Figure 3a shows that 360 of 384 COVID-19 images, 979 of 981 normal images, and 131 of 153 Viral Pneumonia images are correctly classified for the three-way classification. Figure 3b shows 361 out of 369 COVID-19 images, and 1002 out of 1004 Normal images are classified for two-way classification.
4.2. Convergence Analysis
The convergence analysis is performed to study the stability of the learning patterns by the BNCNN model over the number of epochs. Figure 4 plots the BNCNN model accuracy and loss on the training and validation datasets over the training number of epochs. Figure 4a is for three-way classification, while Figure 4b is for two-way classification.

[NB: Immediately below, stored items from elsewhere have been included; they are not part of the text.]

(* Let $A_1,\ldots,A_n$ be events in a probability space, let $X$ be the number of these events that occur, and for $1\le j\le n$ let $S_j=\sum_{1\le i_1<\cdots<i_j\le n}P(A_{i_1}\cdots A_{i_j})$. Let $r,k$ be integers with $1\le r\le k<n$. If $r+k$ is odd, then $$P(X\ge r)\ge\sum_{j=r}^{k}(-1)^{r+j}\binom{j-1}{r-1}S_j+\sum_{i=1}^{r}\binom{k-i}{r-i}\frac{\binom{k+1}{i}}{\binom{n}{i}}S_{k+1},$$ and if $r+k$ is even, then $$P(X\ge r)\le\sum_{j=r}^{k}(-1)^{r+j}\binom{j-1}{r-1}S_j-\sum_{i=1}^{r}\binom{k-i}{r-i}\frac{\binom{k+1}{i}}{\binom{n}{i}}S_{k+1}.$$
   Context: Binomial convention: for integers $s,t$, $\binom{t}{s}=0$ if $\min(s,t)<0$ or $s>t$; otherwise $\binom{t}{s}=\frac{t!}{s!(t-s)!}$. $A_{i_1}\cdots A_{i_j}$ denotes the intersection of the events. *)

theory Defs
  imports "HOL-Probability.Probability"
begin

definition num_occ :: "(nat \<Rightarrow> 'a set) \<Rightarrow> nat \<Rightarrow> 'a \<Rightarrow> nat" where
  "num_occ A n w = card {i \<in> {1..n}. w \<in> A i}"

definition S_sum :: "'a measure \<Rightarrow> (nat \<Rightarrow> 'a set) \<Rightarrow> nat \<Rightarrow> nat \<Rightarrow> real" where
  "S_sum M A n j = (\<Sum>I\<in>{I. I \<subseteq> {1..n} \<and> card I = j}. measure M (\<Inter>i\<in>I. A i))"

end

(*
  The inequalities hold pointwise in the number m of occurring events: replacing each S_j by
  C(m,j) in the right-hand side gives a bound on the indicator of m >= r, and integrating gives
  the theorem because S_j is the expectation of C(X,j). For r <= m the alternating sum equals
  1 + (-1)^(k-r) R with R = sum_{i=1..r} C(k-i,r-i) C(m-i,k+1-i) >= 0, an identity proved by
  induction on k via Pascal's rule. Since C(k+1,i) C(m,k+1) = C(m,i) C(m-i,k+1-i) and
  C(m,i) <= C(n,i), the correction term involving S_{k+1} is at most R, so it does not change
  the direction of the inequality.
*)
theory Submission
  imports Defs
begin

(* The remainder R for r = p + 1, k = r + q and m = r + s, indexed by u = r - i; this
   parametrisation avoids truncated subtraction in the inductions. *)
definition bonferroni_remainder :: "nat \<Rightarrow> nat \<Rightarrow> nat \<Rightarrow> nat" where
  "bonferroni_remainder p q s = (\<Sum>u\<le>p. ((q + u) choose u) * ((s + u) choose (q + 1 + u)))"

lemma bonferroni_remainder_Suc_right:
  "bonferroni_remainder p (Suc q) s + bonferroni_remainder p q s
     = ((p + q + 1) choose p) * ((p + 1 + s) choose (p + q + 2))"
proof (induction p)
  case 0
  show ?case by (simp add: bonferroni_remainder_def)
next
  case (Suc p)
  define a b x y where "a = (p + q + 1) choose p" and "b = (p + q + 1) choose Suc p"
    and "x = (s + p + 1) choose (q + p + 2)" and "y = (s + p + 1) choose Suc (q + p + 2)"
  have "(Suc p + q + 1) choose Suc p = a + b"
    using binomial_Suc_Suc[of "p + q + 1" p] by (simp add: a_def b_def del: binomial_Suc_Suc)
  moreover have "(Suc p + 1 + s) choose (Suc p + q + 2) = x + y"
    using binomial_Suc_Suc[of "s + p + 1" "q + p + 2"]
    by (simp add: x_def y_def add_ac del: binomial_Suc_Suc)
  moreover have "bonferroni_remainder (Suc p) (Suc q) s + bonferroni_remainder (Suc p) q s
      = a * x + (a + b) * y + b * x"
    using Suc.IH binomial_Suc_Suc[of "p + q + 1" p]
    by (simp add: bonferroni_remainder_def a_def b_def x_def y_def add_ac del: binomial_Suc_Suc)
  ultimately show ?case by (simp add: algebra_simps)
qed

It can be observed from Figure 4 that the BNCNN model has shown the best fit and convergence for three-way and two-way classification.
4.3. Comparison with Existing Models
Several ML models have been developed to diagnose COVID-19 automatically from X-ray images. Ozturk et al. (2020) [21] suggested the DarkCovidNet model for automatic COVID-19 detection from X-ray images. The model used 17 convolution layers with different numbers of filters in each layer. The DarkCovidNet model reported high reliability with an accuracy of 98% for two-way classification (i.e., COVID-19 and Normal) and 87% for 3-way classification (i.e., COVID-19, Normal, and Viral Pneumonia). In another work, Khan et al. (2020) [22] reported a CoroNet model based on pre-trained Inception architecture for COVID-19 detection from X-ray images. The CoroNet reported an accuracy of 95% for three-way classification.
Apostolopoulos and Mpesiana (2020) [23] suggested a novel convolution neural network (CNN) architecture and examined VGG-19 for COVID-19 detection from X-ray images. The model reported an accuracy of 93.48% for three-way classification. Wang et al. (2020) [24] reported a COVID-Net model for 3-way classification with an accuracy of 92.4%. Sethy and Behera (2020) [25] combined TL based on ResNet-50 and the support vector machine to diagnose COVID-19 from X-ray images. Their combined model achieved 95.38% accuracy for three-way class classification.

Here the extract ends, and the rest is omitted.